::: ENTRIES SUPPLIED

lemma semitopology_St:
  assumes st: "semitopology P Ops"
  shows "semitopology (abstract_points Ops (\<subseteq>) between) (St_opens Ops (\<subseteq>) between)"
  unfolding semitopology_def
proof (intro conjI allI impI)
  let ?Op = "Op Ops (\<subseteq>) between"
  show "St_opens Ops (\<subseteq>) between \<subseteq> Pow (abstract_points Ops (\<subseteq>) between)"
    unfolding St_opens_def Op_def by auto
  have "{} \<in> Ops" "P \<in> Ops" using st unfolding semitopology_def by auto
  moreover have "?Op {} = {}" using Op_Union[OF st, of "{}"] by simp
  ultimately show "{} \<in> St_opens Ops (\<subseteq>) between"
    "abstract_points Ops (\<subseteq>) between \<in> St_opens Ops (\<subseteq>) between"
    using Op_carrier[OF st] unfolding St_opens_def by (metis image_eqI)+
  fix S assume S: "S \<subseteq> St_opens Ops (\<subseteq>) between"
  define Y where "Y = {U \<in> Ops. ?Op U \<in> S}"
  have Y: "Y \<subseteq> Ops" unfolding Y_def by blast
  have "S = ?Op ` Y" using S unfolding Y_def St_opens_def by blast
  then have "\<Union>S = ?Op (\<Union>Y)" using Op_Union[OF st Y] by simp
  moreover have "\<Union>Y \<in> Ops" using st Y unfolding semitopology_def by blast
  ultimately show "\<Union>S \<in> St_opens Ops (\<subseteq>) between" unfolding St_opens_def by blast
qed

lemma nbhd_St_opens:
  assumes F: "F \<in> abstract_points Ops (\<subseteq>) between"
  shows "nbhd (St_opens Ops (\<subseteq>) between) F = Op Ops (\<subseteq>) between ` F"
proof -
  have "F \<in> Op Ops (\<subseteq>) between U \<longleftrightarrow> U \<in> F" for U using F by (simp add: Op_def)
  then show ?thesis
    using abstract_pointsD(1)[OF F] unfolding nbhd_def St_opens_def by auto
qed

lemma sober_St:
  assumes st: "semitopology P Ops"
  shows "sober (abstract_points Ops (\<subseteq>) between) (St_opens Ops (\<subseteq>) between)"
proof -
  let ?AP = "abstract_points Ops (\<subseteq>) between"
  let ?Op = "Op Ops (\<subseteq>) between"
  have iso: "semiframe_iso Ops (\<subseteq>) between (St_opens Ops (\<subseteq>) between) (\<subseteq>) between ?Op"
    by (rule semiframe_iso_Op[OF st])
  then have "inj_on ?Op Ops" unfolding semiframe_iso_def bij_betw_def by blast
  moreover have "\<Union>?AP \<subseteq> Ops" using abstract_pointsD(1) by blast
  ultimately have "inj_on ((`) ?Op) ?AP" by (meson inj_on_image inj_on_subset)
  then have "bij_betw ((`) ?Op) ?AP (abstract_points (St_opens Ops (\<subseteq>) between) (\<subseteq>) between)"
    unfolding abstract_points_semiframe_iso[OF iso] by (rule inj_on_imp_bij_betw)
  moreover have "bij_betw (nbhd (St_opens Ops (\<subseteq>) between)) ?AP = bij_betw ((`) ?Op) ?AP"
    by (intro ext bij_betw_cong nbhd_St_opens)
  ultimately show ?thesis unfolding sober_def by simp
qed

lemma continuous_nbhd_St:
  assumes st: "semitopology P Ops"
  shows "continuous_map_st P Ops (abstract_points Ops (\<subseteq>) between) (St_opens Ops (\<subseteq>) between) (nbhd Ops)"
  unfolding continuous_map_st_def St_opens_def
  using nbhd_in_abstract_points[OF st] preimage_nbhd_Op[OF st] by auto

lemma bij_betw_preimage_nbhd:
  assumes st: "semitopology P Ops"
  shows "bij_betw (\<lambda>V. {p \<in> P. nbhd Ops p \<in> V}) (St_opens Ops (\<subseteq>) between) Ops"
  by (rule bij_betw_byWitness[where f' = "Op Ops (\<subseteq>) between"])
    (auto simp: St_opens_def preimage_nbhd_Op[OF st])

theorem theorem8p5:
  fixes P :: "'a set" and Ops :: "'a set set"
  assumes "semitopology P Ops"
  shows "continuous_map_st P Ops (abstract_points Ops (\<subseteq>) between) (St_opens Ops (\<subseteq>) between) (nbhd Ops)
    \<and> semitopology (abstract_points Ops (\<subseteq>) between) (St_opens Ops (\<subseteq>) between)
    \<and> sober (abstract_points Ops (\<subseteq>) between) (St_opens Ops (\<subseteq>) between)
    \<and> (\<forall>U\<in>Ops. {p \<in> P. nbhd Ops p \<in> Op Ops (\<subseteq>) between U} = U)
    \<and> bij_betw (\<lambda>V. {p \<in> P. nbhd Ops p \<in> V}) (St_opens Ops (\<subseteq>) between) Ops
    \<and> (\<forall>V\<in>St_opens Ops (\<subseteq>) between. \<forall>W\<in>St_opens Ops (\<subseteq>) between.
         (V \<subseteq> W \<longleftrightarrow> {p \<in> P. nbhd Ops p \<in> V} \<subseteq> {p \<in> P. nbhd Ops p \<in> W})
       \<and> (between V W \<longleftrightarrow> between {p \<in> P. nbhd Ops p \<in> V} {p \<in> P. nbhd Ops p \<in> W}))"
proof -
  have preimage_iso: "\<forall>V\<in>St_opens Ops (\<subseteq>) between. \<forall>W\<in>St_opens Ops (\<subseteq>) between.
      (V \<subseteq> W \<longleftrightarrow> {p \<in> P. nbhd Ops p \<in> V} \<subseteq> {p \<in> P. nbhd Ops p \<in> W})
    \<and> (between V W \<longleftrightarrow> between {p \<in> P. nbhd Ops p \<in> V} {p \<in> P. nbhd Ops p \<in> W})"
    unfolding St_opens_def
    using preimage_nbhd_Op[OF assms] Op_subset_Op_iff[OF assms] Op_between_Op_iff[OF assms] by auto
  show ?thesis
    using continuous_nbhd_St semitopology_St sober_St preimage_nbhd_Op bij_betw_preimage_nbhd
      assms preimage_iso by blast
qed

end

::::::

EXERCISE REQUIREMENTS » When a line in the material above contains the word "forall", copy that line out.

ANSWER TO THE EXERCISE »
    \<and> (\<forall>U\<in>Ops. {p \<in> P. nbhd Ops p \<in> Op Ops (\<subseteq>) between U} = U)
    \<and> (\<forall>V\<in>St_opens Ops (\<subseteq>) between. \<forall>W\<in>St_opens Ops (\<subseteq>) between.
  have preimage_iso: "\<forall>V\<in>St_opens Ops (\<subseteq>) between. \<forall>W\<in>St_opens Ops (\<subseteq>) between.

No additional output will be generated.